No custom indicators in DSL — Indicators are in strategy.indicators and used in entry conditions, not in scan DSL.
No “current bar” in scan — In scanner conditions, current_time/now = end of session (19:59).
MAX/MIN intraday — Must start at 04:00.

Complete examples

Condition	Meaning
`[daily][0][close][unadjusted] > 0.01`	Today’s close exists (minimal filter).
`[daily][0][open][unadjusted] > 0.15` and `< 15`	Open in $0.15–$15.
`[daily][-1][close][adjusted] > [daily][-1][open][adjusted]`	Yesterday green.
`(([daily][0][open][adjusted] - [daily][-1][close][adjusted]) / [daily][-1][close][adjusted] * 100) > 70`	Gap up > 70%.
`([daily][-20][-1][MAX][high][adjusted] / [daily][-20][-1][MIN][low][adjusted] - 1) * 100 > 20`	20-day range (high/low) > 20%.
`[intraday][0][04:00][16:00][SUM][volume][unadjusted] > 0`	Session has some volume.
`[intraday][0][04:00][09:29][SUM][volume][unadjusted] > 100000`	Premarket volume > 100k.
`[intraday][0][04:00][16:00][MAX][high][unadjusted] > 1.5 * [intraday][0][04:00][16:00][FIRST][open][unadjusted]`	Session high ≥ 50% above session open.

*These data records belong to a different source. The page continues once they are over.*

lemma cycle_adj_iff:
  assumes "3 \<le> m" "a < m" "b < m"
  shows "a = b \<or> adj (cycle_graph m) a b \<longleftrightarrow> cycle_dist m a b \<le> 1"
proof -
  have "(a + 1) mod m = (if a + 1 = m then 0 else a + 1)" "(b + 1) mod m = (if b + 1 = m then 0 else b + 1)"
    using assms by auto
  then show ?thesis
    using assms by (auto simp: adj_def cycle_graph_def cycle_dist_def path_dist_def min_def)
qed

lemma adj_strong_product:
  "adj (strong_product G H) (g, h) (g', h') \<longleftrightarrow>
     (g, h) \<noteq> (g', h') \<and> (g = g' \<or> adj G g g') \<and> (h = h' \<or> adj H h h')"
  by (simp add: adj_def strong_product_def)

lemma adj_strong_cylinder_iff:
  assumes "3 \<le> m" "u \<in> verts (strong_cylinder r m)" "v \<in> verts (strong_cylinder r m)"
  shows "adj (strong_cylinder r m) u v \<longleftrightarrow> u \<noteq> v \<and> cylinder_dist m u v \<le> 1"
  using assms path_adj_iff[of "fst u" "fst v" r] cycle_adj_iff[of m "snd u" "snd v"]
  by (cases u; cases v) (auto simp: adj_strong_product verts_strong_cylinder cylinder_dist_def)

lemma shortest_path_metric_strong_cylinder:
  assumes "3 \<le> m"
  shows "shortest_path_metric (strong_cylinder r m) (cylinder_dist m)"
proof
  fix u v w assume V: "u \<in> verts (strong_cylinder r m)" "v \<in> verts (strong_cylinder r m)"
  then show "cylinder_dist m u v = 0 \<longleftrightarrow> u = v"
    by (auto simp: cylinder_dist_def cycle_dist_eq_0_iff verts_strong_cylinder prod_eq_iff
        path_dist_def)
  show "cylinder_dist m u v = cylinder_dist m v u"
    by (simp add: cylinder_dist_def cycle_dist_sym path_dist_def)
  show "adj (strong_cylinder r m) u v \<Longrightarrow> cylinder_dist m u v \<le> 1"
    using adj_strong_cylinder_iff[OF assms V] by simp
  show "cylinder_dist m u w \<le> cylinder_dist m u v + cylinder_dist m v w"
    if "w \<in> verts (strong_cylinder r m)"
    using that V cycle_dist_triangle[of "snd u" m "snd v" "snd w"]
    by (auto simp: cylinder_dist_def verts_strong_cylinder path_dist_def)
  show "\<exists>w \<in> verts (strong_cylinder r m). adj (strong_cylinder r m) u w \<and>
      cylinder_dist m w v = cylinder_dist m u v - 1" if "u \<noteq> v"
  proof -
    obtain i a j b where uv: "u = (i, a)" "v = (j, b)" "i < r" "a < m" "j < r" "b < m"
      using V by (auto simp: verts_strong_cylinder)
    define i' where "i' = (if i < j then i + 1 else if j < i then i - 1 else i)"
    have i': "i' < r" "path_dist i i' \<le> 1" "path_dist i' j = path_dist i j - 1"
      using uv by (auto simp: i'_def path_dist_def)
    obtain a' where a': "a' < m" "cycle_dist m a a' \<le> 1" "cycle_dist m a' b = cycle_dist m a b - 1"
      using cycle_dist_step[of a m b] uv by (cases "a = b") (auto simp: cycle_dist_def path_dist_def)
    have W: "(i', a') \<in> verts (strong_cylinder r m)" using i' a' by (simp add: verts_strong_cylinder)
    have "cylinder_dist m (i', a') v = cylinder_dist m u v - 1"
      using i' a' uv by (simp add: cylinder_dist_def max_def)
    moreover have "cylinder_dist m u v \<noteq> 0"
      using that V
      by (auto simp: cylinder_dist_def cycle_dist_eq_0_iff verts_strong_cylinder prod_eq_iff
          path_dist_def)
    ultimately show ?thesis
      using W i' a' uv adj_strong_cylinder_iff[OF assms V(1) W] by (auto simp: cylinder_dist_def)
  qed
qed
lemma nn_integral_beta_distr_powr:
  assumes "1 \<le> k" "k \<le> n" "real k + a > 0"
  shows "(\<integral>\<^sup>+x. ennreal (x powr a) \<partial>beta_distr n k)
       = ennreal (\<Prod>j\<le>n-k. (real k + real j) / (real k + real j + a))"
proof -
  define c where "c = real n * real (n - 1 choose (k - 1))"
  have "(\<integral>\<^sup>+x. ennreal (x powr a) \<partial>beta_distr n k)
      = (\<integral>\<^sup>+x. ennreal (indicator {0..1} x * beta_density n k x) * ennreal (x powr a) \<partial>lborel)"
    unfolding beta_distr_def by (subst nn_integral_density) auto
  also have "\<dots> = (\<integral>\<^sup>+x. ennreal (c * (x powr (real k + a - 1) * (1 - x) powr (real (n - k) + 1 - 1)))
                        * indicator {0..1} x \<partial>lborel)"
  proof (intro nn_integral_cong_AE, rule AE_mp[OF AE_lborel_singleton[of 0]],
         rule AE_mp[OF AE_lborel_singleton[of 1]], intro AE_I2 impI)
    fix x :: real assume "x \<noteq> 0" "x \<noteq> 1"
    then show "ennreal (indicator {0..1} x * beta_density n k x) * ennreal (x powr a)
        = ennreal (c * (x powr (real k + a - 1) * (1 - x) powr (real (n - k) + 1 - 1))) * indicator {0..1} x"
      using beta_density_mult_powr[OF assms(1), where x=x and a=a and n=n] beta_density_nonneg[of x n k]
      unfolding c_def by (auto simp: indicator_def ennreal_mult[symmetric])
  qed
  also have "\<dots> = ennreal (c * Beta (real k + a) (real (n - k) + 1))"
  proof (rule nn_integral_has_integral_lebesgue')
    show "((\<lambda>x. c * (x powr (real k + a - 1) * (1 - x) powr (real (n - k) + 1 - 1))) has_integral
        c * Beta (real k + a) (real (n - k) + 1)) {0..1}"
      by (rule has_integral_mult_right, rule has_integral_Beta_real) (use assms in auto)
  qed (auto simp: c_def)
  also have "c * Beta (real k + a) (real (n - k) + 1) = (\<Prod>j\<le>n-k. (real k + real j) / (real k + real j + a))"
    unfolding c_def by (rule binomial_Beta_eq_prod[OF assms])
  finally show ?thesis .
qed

lemma binomial_weight_Suc:
  fixes p :: real
  shows "p * (real (m choose j) * p ^ j * (1 - p) ^ (m - j))
       + (1 - p) * (real (m choose Suc j) * p ^ Suc j * (1 - p) ^ (m - Suc j))
       = real (Suc m choose Suc j) * p ^ Suc j * (1 - p) ^ (Suc m - Suc j)"
proof (cases "j < m")
  case True
  then obtain r where r: "m - j = Suc r" by (cases "m - j") auto
  then have "m - Suc j = r" by simp
  then show ?thesis unfolding binomial_Suc_Suc of_nat_add using r by (simp add: algebra_simps)
next
  case False
  show ?thesis
  proof (cases "j = m")
    case False
    with \<open>\<not> j < m\<close> have "m < j" by simp
    then show ?thesis by (simp add: binomial_eq_0)
  qed simp
qed

lemma (in prob_space) prob_sum_indep_bernoulli:
  fixes Z :: "'i \<Rightarrow> 'a \<Rightarrow> real"
  assumes "finite J" and indep: "indep_vars (\<lambda>_. borel) Z J"
    and bernoulli: "\<And>i \<omega>. i \<in> J \<Longrightarrow> Z i \<omega> = 0 \<or> Z i \<omega> = 1"
    and success: "\<And>i. i \<in> J \<Longrightarrow> prob {\<omega> \<in> space M. Z i \<omega> = 1} = p"
  shows "prob {\<omega> \<in> space M. (\<Sum>i\<in>J. Z i \<omega>) = real j}
       = real (card J choose j) * p ^ j * (1 - p) ^ (card J - j)"
  using assms
proof (induction J arbitrary: j rule: finite_induct)
  case empty
  show ?case by (cases j) (auto simp: prob_space)
next
  case (insert i J)
  let ?S = "\<lambda>\<omega>. \<Sum>i\<in>J. Z i \<omega>"
  have [measurable]: "Z i \<in> borel_measurable M" "\<And>i. i \<in> J \<Longrightarrow> Z i \<in> borel_measurable M"
    using insert.prems(1) by (auto simp: indep_vars_def)
  have IH: "prob {\<omega> \<in> space M. ?S \<omega> = real j} = real (card J choose j) * p ^ j * (1 - p) ^ (card J - j)"
    for j using insert by (auto intro: indep_vars_subset[OF insert.prems(1)])
  have joint: "prob {\<omega> \<in> space M. Z i \<omega> = a \<and> ?S \<omega> = b}
      = prob {\<omega> \<in> space M. Z i \<omega> = a} * prob {\<omega> \<in> space M. ?S \<omega> = b}" for a b
  proof -
    have "indep_var borel (Z i) borel ?S"
      using insert.hyps insert.prems(1) by (rule indep_vars_sum)
    from indep_varD[OF this, of "{a}" "{b}"] show ?thesis
      by (simp add: vimage_def Int_def conj_commute)
  qed
  have Z1: "prob {\<omega> \<in> space M. Z i \<omega> = 1} = p" using insert.prems(3) by simp
  have Z0: "prob {\<omega> \<in> space M. Z i \<omega> = 0} = 1 - p"
  proof -
    have "{\<omega> \<in> space M. Z i \<omega> = 0} = space M - {\<omega> \<in> space M. Z i \<omega> = 1}"
      using insert.prems(2) by force
    then show ?thesis using Z1 by (simp add: prob_compl)
  qed
  have S_nonneg: "0 \<le> ?S \<omega>" for \<omega>
    using insert.prems(2) by (intro sum_nonneg) (metis insertCI order.refl zero_le_one)
  have sum_insert: "(\<Sum>i\<in>insert i J. Z i \<omega>) = Z i \<omega> + ?S \<omega>" for \<omega>
    using insert.hyps by simp
  show ?case
  proof (cases j)
    case 0
    have "{\<omega> \<in> space M. (\<Sum>i\<in>insert i J. Z i \<omega>) = real j} = {\<omega> \<in> space M. Z i \<omega> = 0 \<and> ?S \<omega> = 0}"
    proof -
      have "0 \<le> Z i \<omega>" for \<omega> by (metis insert.prems(2) insertI1 order.refl zero_le_one)
      then show ?thesis unfolding sum_insert 0 using add_nonneg_eq_0_iff S_nonneg by auto
    qed
    then show ?thesis using joint[of 0 0] Z0 IH[of 0] 0 insert.hyps by simp
  next
    case (Suc j')
    have "{\<omega> \<in> space M. (\<Sum>i\<in>insert i J. Z i \<omega>) = real j}
        = {\<omega> \<in> space M. Z i \<omega> = 1 \<and> ?S \<omega> = real j'} \<union> {\<omega> \<in> space M. Z i \<omega> = 0 \<and> ?S \<omega> = real j}"
    proof -
      have "Z i \<omega> + s = real (Suc j') \<longleftrightarrow> Z i \<omega> = 1 \<and> s = real j' \<or> Z i \<omega> = 0 \<and> s = real (Suc j')"
        for \<omega> s using insert.prems(2)[of i \<omega>] by auto
      then show ?thesis unfolding sum_insert Suc by blast
    qed
    then have "prob {\<omega> \<in> space M. (\<Sum>i\<in>insert i J. Z i \<omega>) = real j}
        = prob {\<omega> \<in> space M. Z i \<omega> = 1 \<and> ?S \<omega> = real j'} + prob {\<omega> \<in> space M. Z i \<omega> = 0 \<and> ?S \<omega> = real j}"
      by (simp only:) (subst finite_measure_Union, auto)
    also have "\<dots> = p * (real (card J choose j') * p ^ j' * (1 - p) ^ (card J - j'))
        + (1 - p) * (real (card J choose j) * p ^ j * (1 - p) ^ (card J - j))"
      using joint Z0 Z1 IH by simp
    finally show ?thesis using binomial_weight_Suc[of p "card J" j'] insert.hyps Suc by simp
  qed
qed

lemma (in prob_space) exp_integral_le_integral_exp:
  fixes Z :: "'a \<Rightarrow> real"
  assumes "integrable M Z" "integrable M (\<lambda>\<omega>. exp (Z \<omega>))"
  shows "exp (\<integral>\<omega>. Z \<omega> \<partial>M) \<le> (\<integral>\<omega>. exp (Z \<omega>) \<partial>M)"
  using jensens_inequality[of Z UNIV, OF assms(1) _ _ assms(2) exp_convex] by simp

lemma (in prob_space) covariance_monotone_nonneg:
  fixes Y :: "'a \<Rightarrow> real" and g d :: "real \<Rightarrow> real"
  assumes Y_nonneg: "AE \<omega> in M. 0 \<le> Y \<omega>"
    and g_mono: "\<And>x y. x \<le> y \<Longrightarrow> g x \<le> g y"
    and d_mono: "\<And>x y. 0 \<le> x \<Longrightarrow> x \<le> y \<Longrightarrow> d x \<le> d y"
    and int_gd: "integrable M (\<lambda>\<omega>. g (Y \<omega>) * d (Y \<omega>))"
    and int_g: "integrable M (\<lambda>\<omega>. g (Y \<omega>))"
    and int_d: "integrable M (\<lambda>\<omega>. d (Y \<omega>))"
  shows "0 \<le> (\<integral>\<omega>. g (Y \<omega>) * (d (Y \<omega>) - (\<integral>\<omega>. d (Y \<omega>) \<partial>M)) \<partial>M)"
proof -
  define E where "E = (\<integral>\<omega>. d (Y \<omega>) \<partial>M)"
  define T where "T = {y. 0 \<le> y \<and> E \<le> d y}"
  have "T \<noteq> {}"
  proof
    assume "T = {}"
    have "AE \<omega> in M. d (Y \<omega>) < E"
      using Y_nonneg by eventually_elim (use \<open>T = {}\<close> in \<open>auto simp: T_def\<close>)
    from expectation_less[OF int_d this] show False unfolding E_def by simp
  qed
  moreover have T_bdd: "bdd_below T" unfolding T_def by (intro bdd_belowI[of _ 0]) auto
  ultimately have "T \<noteq> {}" "bdd_below T" .
  define m where "m = Inf T"
  \<comment> \<open>m separates the arguments where d is below its mean from those where it is above,
    so (g y - g m) and (d y - E) always have the same sign.\<close>
  have same_sign: "0 \<le> (g y - g m) * (d y - E)" if "0 \<le> y" for y
  proof (cases y m rule: linorder_cases)
    case less
    then have "y \<notin> T" using cInf_lower[OF _ T_bdd, of y] unfolding m_def by auto
    then show ?thesis using that less g_mono[of y m] unfolding T_def by (auto intro!: mult_nonpos_nonpos)
  next
    case greater
    then obtain y' where "y' \<in> T" "y' < y"
      using cInf_less_iff[OF \<open>T \<noteq> {}\<close> T_bdd] unfolding m_def by auto
    then show ?thesis
      using greater g_mono[of m y] d_mono[of y' y] unfolding T_def by (auto intro!: mult_nonneg_nonneg)
  qed simp
  have "0 \<le> (\<integral>\<omega>. (g (Y \<omega>) - g m) * (d (Y \<omega>) - E) \<partial>M)"
    by (rule integral_nonneg_AE) (use Y_nonneg same_sign in \<open>auto elim!: AE_mp\<close>)
  also have "\<dots> = (\<integral>\<omega>. g (Y \<omega>) * (d (Y \<omega>) - E) - g m * (d (Y \<omega>) - E) \<partial>M)"
    by (simp add: algebra_simps)
  also have "\<dots> = (\<integral>\<omega>. g (Y \<omega>) * (d (Y \<omega>) - E) \<partial>M) - g m * (\<integral>\<omega>. d (Y \<omega>) - E \<partial>M)"
    using int_gd int_g int_d by (simp add: algebra_simps)
  also have "(\<integral>\<omega>. d (Y \<omega>) - E \<partial>M) = 0"
    using int_d by (simp add: prob_space E_def)
  finally show ?thesis unfolding E_def by simp
qed

lemma sub_gamma_exponent:
  fixes v c g :: real
  assumes v: "0 < v" and c: "0 < c" and g: "0 \<le> g"
  defines "r \<equiv> sqrt (2 * v * g)"
  defines "s \<equiv> r / v"
  defines "l \<equiv> s / (1 + c * s)"
  shows "l\<^sup>2 * v / (2 * (1 - c * l)) - l * (r + c * g) = - g"
proof -
  have gv: "0 \<le> 2 * v * g" using v g by simp
  have r2: "r\<^sup>2 = 2 * v * g" unfolding r_def using gv by (rule real_sqrt_pow2)
  have "0 \<le> s" unfolding s_def r_def using v g by simp
  then have d: "0 < 1 + c * s" using c by (simp add: add_pos_nonneg)
  have cl: "1 - c * l = 1 / (1 + c * s)" unfolding l_def using d by (simp add: field_simps)
  have "l\<^sup>2 * v / (2 * (1 - c * l)) = (s\<^sup>2 / (1 + c * s)\<^sup>2) * v * (1 + c * s) / 2"
    unfolding cl unfolding l_def by (simp add: power_divide)
  also have "\<dots> = s\<^sup>2 * v / (2 * (1 + c * s))"
    using d by (simp add: power2_eq_square)
  also have "s\<^sup>2 * v = 2 * g" unfolding s_def using r2 v by (simp add: power_divide field_simps power2_eq_square)
  also have "2 * g / (2 * (1 + c * s)) = g / (1 + c * s)" using d by (auto simp: field_simps)
  finally have A: "l\<^sup>2 * v / (2 * (1 - c * l)) = g / (1 + c * s)" .
  have "s * r = 2 * g" unfolding s_def using r2 v by (simp add: field_simps power2_eq_square)
  then have B: "l * (r + c * g) = (2 * g + c * s * g) / (1 + c * s)"
    unfolding l_def using d by (simp add: field_simps)
  have "g / (1 + c * s) - (2 * g + c * s * g) / (1 + c * s) = - g * (1 + c * s) / (1 + c * s)"
    by (simp add: diff_divide_distrib[symmetric] algebra_simps)
  then show ?thesis unfolding A B using d by simp
qed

Invariants (engine guarantees)

Daily: only offsets 0 and negative; no future dates.
Intraday OHLC: must be unadjusted; volume may be adjusted or unadjusted.
Intraday window: any HH:MM–HH:MM within 04:00–19:59 ET; MAX/MIN require start 04:00.
When comparing two days in daily expressions, use the same adjustment on both sides.

Implementation: strategy_validator.py (load + validate), backtester_engine.py (BacktesterEngine, ExecutionEngine, PortfolioEngine, ConditionEvaluator), scanner_engine.py (DSLParser, Compiler), run_backtest.py (orchestration).